In Scotland solicitors in the Supreme Court are not, as in England, the only persons entitled to act as law agents. They share the privilege with writers to the signet in the Supreme Court, with agents at law and procurators in the inferior courts. They were formed into a society in 1784 and incorporated in 1796, and are usually recognized as members of the College of Justice. This difference is, however, now of little importance, as by the Law Agents Act 1873 any person duly admitted a law agent is entitled to practise before any court in Scotland. In the United States the term solicitor is used in some states in the sense of a law agent practising before a court of equity.

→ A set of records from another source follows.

text \<open>Ambient setting: the quotient field K of D is the whole field type 'a.
  Sets of elements of 'a stand for subsets of K.\<close>

definition subring :: "'a::field set \<Rightarrow> bool" where
  "subring R \<longleftrightarrow> 0 \<in> R \<and> 1 \<in> R \<and> (\<forall>x\<in>R. \<forall>y\<in>R. x + y \<in> R \<and> x - y \<in> R \<and> x * y \<in> R)"

definition domain_with_qf :: "'a::field set \<Rightarrow> bool" where
  "domain_with_qf D \<longleftrightarrow> subring D \<and> (\<forall>x. \<exists>a\<in>D. \<exists>b\<in>D. b \<noteq> 0 \<and> x = a / b)"

definition overring :: "'a::field set \<Rightarrow> 'a set \<Rightarrow> bool" where
  "overring D T \<longleftrightarrow> subring T \<and> D \<subseteq> T"

definition submod :: "'a::field set \<Rightarrow> 'a set \<Rightarrow> bool" where
  "submod R E \<longleftrightarrow> 0 \<in> E \<and> (\<forall>x\<in>E. \<forall>y\<in>E. x + y \<in> E) \<and> (\<forall>r\<in>R. \<forall>x\<in>E. r * x \<in> E)"

definition Fbar :: "'a::field set \<Rightarrow> 'a set set" where
  "Fbar R = {E. submod R E \<and> E \<noteq> {0}}"

definition rspan :: "'a::field set \<Rightarrow> 'a set \<Rightarrow> 'a set" where
  "rspan R G = {\<Sum>g\<in>G. c g * g | c. \<forall>g\<in>G. c g \<in> R}"

text \<open>R-submodule generated by an arbitrary set S (used for FT, HT).\<close>
definition gen_mod :: "'a::field set \<Rightarrow> 'a set \<Rightarrow> 'a set" where
  "gen_mod R S = \<Union>{rspan R G | G. finite G \<and> G \<subseteq> S}"

definition fg :: "'a::field set \<Rightarrow> 'a set \<Rightarrow> bool" where
  "fg R E \<longleftrightarrow> (\<exists>G. finite G \<and> E = rspan R G) \<and> E \<noteq> {0}"

definition smult_set :: "'a::field \<Rightarrow> 'a set \<Rightarrow> 'a set" where
  "smult_set x E = (\<lambda>e. x * e) ` E"

definition semistar_op :: "'a::field set \<Rightarrow> ('a set \<Rightarrow> 'a set) \<Rightarrow> bool" where
  "semistar_op R st \<longleftrightarrow>
     (\<forall>E\<in>Fbar R. st E \<in> Fbar R) \<and>
     (\<forall>x. \<forall>E\<in>Fbar R. x \<noteq> 0 \<longrightarrow> st (smult_set x E) = smult_set x (st E)) \<and>
     (\<forall>E\<in>Fbar R. \<forall>F\<in>Fbar R. E \<subseteq> F \<longrightarrow> st E \<subseteq> st F) \<and>
     (\<forall>E\<in>Fbar R. E \<subseteq> st E \<and> st (st E) = st E)"

definition star_f :: "'a::field set \<Rightarrow> ('a set \<Rightarrow> 'a set) \<Rightarrow> 'a set \<Rightarrow> 'a set" where
  "star_f R st E = \<Union>{st F | F. fg R F \<and> F \<subseteq> E}"

definition finite_type :: "'a::field set \<Rightarrow> ('a set \<Rightarrow> 'a set) \<Rightarrow> bool" where
  "finite_type R st \<longleftrightarrow> (\<forall>E\<in>Fbar R. st E = star_f R st E)"

definition colon :: "'a::field set \<Rightarrow> 'a set \<Rightarrow> 'a set" where
  "colon A B = {x. \<forall>y\<in>B. x * y \<in> A}"

definition v_op :: "'a::field set \<Rightarrow> 'a set \<Rightarrow> 'a set" where
  "v_op T E = colon T (colon T E)"

definition t_op :: "'a::field set \<Rightarrow> 'a set \<Rightarrow> 'a set" where
  "t_op T = star_f T (v_op T)"

definition linked :: "'a::field set \<Rightarrow> ('a set \<Rightarrow> 'a set) \<Rightarrow> 'a set \<Rightarrow> ('a set \<Rightarrow> 'a set) \<Rightarrow> bool" where
  "linked D st T st' \<longleftrightarrow>
     (\<forall>F. fg D F \<and> F \<subseteq> D \<and> st F = st D \<longrightarrow> st' (gen_mod T F) = st' T)"

definition direct_family ::
  "'a::field set \<Rightarrow> 'i set \<Rightarrow> ('i \<Rightarrow> 'a set) \<Rightarrow> ('i \<Rightarrow> 'a set \<Rightarrow> 'a set) \<Rightarrow> bool" where
  "direct_family D \<Lambda> Tf ops \<longleftrightarrow>
     \<Lambda> \<noteq> {} \<and>
     (\<forall>i\<in>\<Lambda>. overring D (Tf i) \<and> semistar_op (Tf i) (ops i)) \<and>
     (\<forall>a\<in>\<Lambda>. \<forall>b\<in>\<Lambda>. \<exists>c\<in>\<Lambda>. Tf a \<subseteq> Tf c \<and> Tf b \<subseteq> Tf c) \<and>
     (\<forall>a1\<in>\<Lambda>. \<forall>a2\<in>\<Lambda>. Tf a1 \<subseteq> Tf a2 \<longrightarrow>
        (\<forall>H. fg (Tf a1) H \<longrightarrow> ops a1 H \<subseteq> ops a2 (gen_mod (Tf a2) H)))"

end

theory Submission
  imports Defs
begin

(*
  Directedness makes everything finite: a finite subset of T = \<Union> T\<^sub>\<lambda>, and hence a
  finitely generated T\<^sub>\<lambda>-module inside T, already lies in a single T\<^sub>c, and by the
  compatibility condition the sets E^(\<ast>\<^sub>\<lambda>)\<^sub>f increase with \<lambda>. So \<ast>^\<Lambda> is a directed
  union of the finite-type operations (\<ast>\<^sub>\<lambda>)\<^sub>f, and every semistar axiom, which involves
  only finitely many elements at a time, is inherited from a single (\<ast>\<^sub>c)\<^sub>f.

  For linkedness, an element of T^(\<ast>^\<Lambda>) comes from some H^(\<ast>\<^sub>\<lambda>) with H inside some T\<^sub>c,
  so it lies in T\<^sub>c^(\<ast>\<^sub>c) = (F T\<^sub>c)^(\<ast>\<^sub>c), which is contained in (F T)^(\<ast>^\<Lambda>).
  For t-linkedness, 1 \<in> (F T\<^sub>c)^t \<subseteq> (F T\<^sub>c)^v says (T\<^sub>c : F T\<^sub>c) \<subseteq> T\<^sub>c. If y F \<subseteq> T, the
  products of y with the finitely many generators of F lie in some T\<^sub>c, so y \<in> T\<^sub>c.
  Hence (T : F T) \<subseteq> T, i.e. (F T)^v = T, and (F T)^t = T since F T is finitely generated.
*)

section \<open>Submodules and finite generation\<close>

lemma subringD:
  assumes "subring R"
  shows "0 \<in> R" "1 \<in> R"
    "x \<in> R \<Longrightarrow> y \<in> R \<Longrightarrow> x + y \<in> R" "x \<in> R \<Longrightarrow> y \<in> R \<Longrightarrow> x - y \<in> R"
    "x \<in> R \<Longrightarrow> y \<in> R \<Longrightarrow> x * y \<in> R"
  using assms unfolding subring_def by auto

lemma submod_subring_mono: "submod R2 E \<Longrightarrow> R1 \<subseteq> R2 \<Longrightarrow> submod R1 E"
  unfolding submod_def by blast

lemma submod_ring: "subring R \<Longrightarrow> submod R R"
  unfolding subring_def submod_def by blast

lemma Fbar_nonzero: "E \<in> Fbar R \<Longrightarrow> \<exists>x\<in>E. x \<noteq> 0"
  unfolding Fbar_def submod_def by blast

lemma Fbar_ring: "subring R \<Longrightarrow> R \<in> Fbar R"
  unfolding Fbar_def using submod_ring subringD(2) by force

lemma rspanI: "y = (\<Sum>g\<in>G. c g * g) \<Longrightarrow> \<forall>g\<in>G. c g \<in> R \<Longrightarrow> y \<in> rspan R G"
  unfolding rspan_def by blast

Many of the great public offices in England and the United States have their solicitors. In England the treasury solicitor fills an especially important position. He is responsible for the enforcement of payments due to the treasury, and conducts generally its legal business. The office of king's proctor is also combined with that of treasury solicitor. Under his powers as king's proctor the treasury solicitor acts as administrator of the personal estate of an intestate which has lapsed to the crown, and intervenes in cases of divorce where collusion is alleged (see under Proctor). Under the Prosecution of Offences Act 1884 he also acted as director of public prosecutions, and was sometimes called Crown Solicitor. By the Prosecution of Offences Act 1908 the office of director of public prosecutions was separated from that of treasury solicitor and made a separate appointment. In Ireland, solicitors called crown solicitors are attached to each circuit, their duty being to prepare the case for the crown in all criminal prosecutions. In the United States the office of solicitor to the treasury was created by Act of Congress in 1830. His principal duties are to take measures for protecting the revenue and to deal with lands acquired by the United States by judicial process or vested in them by security for payment of debts.

See E. B. V. Christian, A Short History of Solicitors; Cordery on Solicitors; and A. P. Poley, Law Affecting Solicitors.